YOUR ASSIGNMENT: Where does the word "flipl" occur in the material? Copy each line that has it.

INFORMATION:
-=-=-

(* Let $M\ge1$, $J_M=\begin{pmatrix}0&I_M\\-I_M&0\end{pmatrix}$. Let $A'$ be the unital $*$-subalgebra of $\mathrm{Pol}(U_{2M}^+)$ generated by the products $u_{jk}^*u_{\ell m}$, $1\le j,k,\ell,m\le 2M$, and $B'$ the unital $*$-subalgebra of $\mathrm{Pol}(O_{J_M}^+)$ generated by the products $u_{jk}^*u_{\ell m}$, $1\le j,k,\ell,m\le 2M$. Then there is a unique CQG algebra isomorphism $A'\to B'$ with $u_{jk}^*u_{\ell m}\mapsto u_{jk}^*u_{\ell m}$ for all $j,k,\ell,m$.
   Context: $\mathrm{Pol}(U_{2M}^+)$ is the universal unital $*$-algebra generated by $u_{jk}$, $1\le j,k\le 2M$, such that $U=(u_{jk})$ and $\overline{U}=(u_{jk}^* )$ are unitary. $\mathrm{Pol}(O_{J_M}^+)$ is the universal unital $*$-algebra generated by $u_{jk}$, $1\le j,k\le 2M$, such that $U=(u_{jk})$ is unitary and $U=J_M\overline{U}J_M^{-1}$. Both are CQG algebras (Hopf $*$-algebras) with $\Delta(u_{jk})=\sum_\ell u_{j\ell}\otimes u_{\ell k}$, and $A'$, $B'$ are Hopf $*$-subalgebras. *)

theory Defs
  imports Complex_Main
begin

text \<open>
  Letters: (j,k,False) stands for u_jk, (j,k,True) for u_jk^*.
  The free unital *-algebra on the letters with 1 <= j,k <= 2M is modelled as the
  finitely supported complex-valued functions on words; the universal algebras are
  quotients by the two-sided *-ideal generated by the defining relations, and
  elements of the quotient are equivalence classes (sets of representatives).
\<close>

type_synonym letter = "nat \<times> nat \<times> bool"
type_synonym word = "letter list"
type_synonym el = "word \<Rightarrow> complex"
type_synonym tel = "word \<times> word \<Rightarrow> complex"

definition letters :: "nat \<Rightarrow> letter set" where
  "letters M = {(j,k,b). 1 \<le> j \<and> j \<le> 2*M \<and> 1 \<le> k \<and> k \<le> 2*M}"

definition Fr :: "nat \<Rightarrow> el set" where
  "Fr M = {f. finite {w. f w \<noteq> 0} \<and> (\<forall>w. f w \<noteq> 0 \<longrightarrow> set w \<subseteq> letters M)}"

definition fzero :: el where "fzero = (\<lambda>w. 0)"
definition fone :: el where "fone = (\<lambda>w. if w = [] then 1 else 0)"
definition fgen :: "letter \<Rightarrow> el" where "fgen x = (\<lambda>w. if w = [x] then 1 else 0)"
definition fadd :: "el \<Rightarrow> el \<Rightarrow> el" where "fadd f g = (\<lambda>w. f w + g w)"
definition fsub :: "el \<Rightarrow> el \<Rightarrow> el" where "fsub f g = (\<lambda>w. f w - g w)"
definition fscale :: "complex \<Rightarrow> el \<Rightarrow> el" where "fscale c f = (\<lambda>w. c * f w)"
definition fmul :: "el \<Rightarrow> el \<Rightarrow> el" where
  "fmul f g = (\<lambda>w. \<Sum>i\<le>length w. f (take i w) * g (drop i w))"
definition flipl :: "letter \<Rightarrow> letter" where "flipl x = (case x of (j,k,b) \<Rightarrow> (j,k,\<not> b))"
definition fstar :: "el \<Rightarrow> el" where "fstar f = (\<lambda>w. cnj (f (rev (map flipl w))))"
definition fsumset :: "'i set \<Rightarrow> ('i \<Rightarrow> el) \<Rightarrow> el" where
  "fsumset S F = (\<lambda>w. \<Sum>i\<in>S. F i w)"

definition u :: "nat \<Rightarrow> nat \<Rightarrow> el" where "u j k = fgen (j,k,False)"
definition us :: "nat \<Rightarrow> nat \<Rightarrow> el" where "us j k = fgen (j,k,True)"

definition delta :: "nat \<Rightarrow> nat \<Rightarrow> complex" where "delta j k = (if j = k then 1 else 0)"

text \<open>J_M = [[0, I_M], [-I_M, 0]] with indices 1..2M, and its inverse (= transpose).\<close>
definition Jm :: "nat \<Rightarrow> nat \<Rightarrow> nat \<Rightarrow> complex" where
  "Jm M a b = (if 1 \<le> a \<and> a \<le> M \<and> b = a + M then 1
               else if M < a \<and> a \<le> 2*M \<and> a = b + M then -1 else 0)"
definition Jinv :: "nat \<Rightarrow> nat \<Rightarrow> nat \<Rightarrow> complex" where
  "Jinv M a b = Jm M b a"

definition idx :: "nat \<Rightarrow> nat set" where "idx M = {1..2*M}"

text \<open>Relations: U U^* = 1, U^* U = 1 (entrywise).\<close>
definition relUnitary :: "nat \<Rightarrow> el set" where
  "relUnitary M =
     {fsub (fsumset (idx M) (\<lambda>l. fmul (u j l) (us k l))) (fscale (delta j k) fone) | j k. j \<in> idx M \<and> k \<in> idx M}
   \<union> {fsub (fsumset (idx M) (\<lambda>l. fmul (us l j) (u l k))) (fscale (delta j k) fone) | j k. j \<in> idx M \<and> k \<in> idx M}"

text \<open>Relations: Ubar Ubar^* = 1, Ubar^* Ubar = 1 where Ubar = (u_jk^*).\<close>
definition relUbarUnitary :: "nat \<Rightarrow> el set" where
  "relUbarUnitary M =
     {fsub (fsumset (idx M) (\<lambda>l. fmul (us j l) (u k l))) (fscale (delta j k) fone) | j k. j \<in> idx M \<and> k \<in> idx M}
   \<union> {fsub (fsumset (idx M) (\<lambda>l. fmul (u l j) (us l k))) (fscale (delta j k) fone) | j k. j \<in> idx M \<and> k \<in> idx M}"

text \<open>Relations: U = J Ubar J^{-1}.\<close>
definition relJ :: "nat \<Rightarrow> el set" where
  "relJ M = {fsub (u j k) (fsumset (idx M \<times> idx M) (\<lambda>(a,b). fscale (Jm M j a * Jinv M b k) (us a b)))
             | j k. j \<in> idx M \<and> k \<in> idx M}"

definition relU :: "nat \<Rightarrow> el set" where "relU M = relUnitary M \<union> relUbarUnitary M"
definition relO :: "nat \<Rightarrow> el set" where "relO M = relUnitary M \<union> relJ M"

inductive_set starIdeal :: "nat \<Rightarrow> el set \<Rightarrow> el set" for M R where
  gen: "r \<in> R \<Longrightarrow> r \<in> starIdeal M R"
| zero: "fzero \<in> starIdeal M R"
| add: "a \<in> starIdeal M R \<Longrightarrow> b \<in> starIdeal M R \<Longrightarrow> fadd a b \<in> starIdeal M R"
| scale: "a \<in> starIdeal M R \<Longrightarrow> fscale c a \<in> starIdeal M R"
| lmul: "x \<in> Fr M \<Longrightarrow> a \<in> starIdeal M R \<Longrightarrow> fmul x a \<in> starIdeal M R"
| rmul: "a \<in> starIdeal M R \<Longrightarrow> x \<in> Fr M \<Longrightarrow> fmul a x \<in> starIdeal M R"
| star: "a \<in> starIdeal M R \<Longrightarrow> fstar a \<in> starIdeal M R"

definition IU :: "nat \<Rightarrow> el set" where "IU M = starIdeal M (relU M)"
definition IO :: "nat \<Rightarrow> el set" where "IO M = starIdeal M (relO M)"

definition cls :: "nat \<Rightarrow> el set \<Rightarrow> el \<Rightarrow> el set" where
  "cls M I p = {q \<in> Fr M. fsub p q \<in> I}"

definition Pol :: "nat \<Rightarrow> el set \<Rightarrow> el set set" where "Pol M I = cls M I ` Fr M"

definition qone :: "nat \<Rightarrow> el set \<Rightarrow> el set" where "qone M I = cls M I fone"
definition qadd :: "nat \<Rightarrow> el set \<Rightarrow> el set \<Rightarrow> el set \<Rightarrow> el set" where
  "qadd M I X Y = (\<Union>p\<in>X. \<Union>q\<in>Y. cls M I (fadd p q))"
definition qscale :: "nat \<Rightarrow> el set \<Rightarrow> complex \<Rightarrow> el set \<Rightarrow> el set" where
  "qscale M I c X = (\<Union>p\<in>X. cls M I (fscale c p))"
definition qmul :: "nat \<Rightarrow> el set \<Rightarrow> el set \<Rightarrow> el set \<Rightarrow> el set" where
  "qmul M I X Y = (\<Union>p\<in>X. \<Union>q\<in>Y. cls M I (fmul p q))"
definition qstar :: "nat \<Rightarrow> el set \<Rightarrow> el set \<Rightarrow> el set" where
  "qstar M I X = (\<Union>p\<in>X. cls M I (fstar p))"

-=-=-

EXERCISE OUTPUT:
definition flipl :: "letter \<Rightarrow> letter" where "flipl x = (case x of (j,k,b) \<Rightarrow> (j,k,\<not> b))"
definition fstar :: "el \<Rightarrow> el" where "fstar f = (\<lambda>w. cnj (f (rev (map flipl w))))"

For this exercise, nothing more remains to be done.